Con una soga, amordazado y un cartel que decía “Nos pueden intentar callar, pero no ocultar la verdad”, el congresista Julián López decidió amarrarse a su curul en plena sesión de la Cámara de Representantes, corporación que actualmente preside.
La imagen captó la atención este martes, justo después de que el Partido de la U le notificara una sanción que lo deja sin voz ni voto durante tres meses.
La decisión del comité de ética de la colectividad busca castigarlo por impulsar “la Nueva U”, una facción que pretende acercarse más al gobierno de Gustavo Petro y alejarse del liderazgo de Dilian Francisca Toro.
La sanción, además, pone en riesgo su permanencia como presidente de la Cámara, cargo que ocupa desde el 20 de julio.
Lo que empezó como una relación cercana terminó en una ruptura total.
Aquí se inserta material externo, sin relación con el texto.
lemma wasserstein1_triangle: "wasserstein1 d P R \<le> wasserstein1 d P Q + wasserstein1 d Q R"
proof -
  have "wasserstein1 d P R - transport_cost d R2 \<le> wasserstein1 d P Q" if "R2 \<in> couplings Q R" for R2
    unfolding wasserstein1_def' [of d P Q]
    using wasserstein1_le_glued_cost [OF _ that] couplings_nonempty
    by (intro cINF_greatest) (auto simp: algebra_simps)
  then have "wasserstein1 d P R - wasserstein1 d P Q \<le> wasserstein1 d Q R"
    unfolding wasserstein1_def' [of d Q R]
    using couplings_nonempty by (intro cINF_greatest) (auto simp: algebra_simps)
  then show ?thesis by simp
qed

end

lemma wasserstein1_onehot_relabel_le:
  fixes f :: "'z \<Rightarrow> 'a::finite" and a b :: "'z \<Rightarrow> 'b::finite"
  assumes "p > 0"
  shows "wasserstein1 (onehot_pair_dist p) (map_pmf (\<lambda>z. (f z, a z)) M) (map_pmf (\<lambda>z. (f z, b z)) M)
    \<le> 2 powr (1 / p) * measure_pmf.prob M {z. a z \<noteq> b z}"
proof -
  have "wasserstein1 (onehot_pair_dist p) (map_pmf (\<lambda>z. (f z, a z)) M) (map_pmf (\<lambda>z. (f z, b z)) M)
      \<le> measure_pmf.expectation M (\<lambda>z. onehot_pair_dist p (f z, a z) (f z, b z))"
    by (intro wasserstein1_map_le onehot_pair_dist_nonneg)
  also have "\<dots> = measure_pmf.expectation M (\<lambda>z. 2 powr (1 / p) * indicator {z. a z \<noteq> b z} z)"
    using assms by (intro Bochner_Integration.integral_cong) (auto simp: onehot_pair_dist_same_fst)
  also have "\<dots> = 2 powr (1 / p) * measure_pmf.prob M {z. a z \<noteq> b z}"
    by simp
  finally show ?thesis .
qed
López llegó al Congreso en 2022 con el apoyo de la gobernadora del Valle, pero en 2024 las cosas cambiaron.
El representante comenzó a criticar abiertamente la gestión de Toro y a respaldar varias propuestas del ejecutivo, algo que no cayó bien en la dirección nacional del partido.
La tensión explotó la semana pasada cuando López anunció la creación de su propia línea dentro de la U, distanciándose de los codirectores Alexander Vega y Clara Luz Roldán, quienes mantienen una postura más independiente frente al Gobierno Nacional.
Ahora, con la sanción encima, López responde con un acto de protesta que recuerda viejas tácticas sindicales.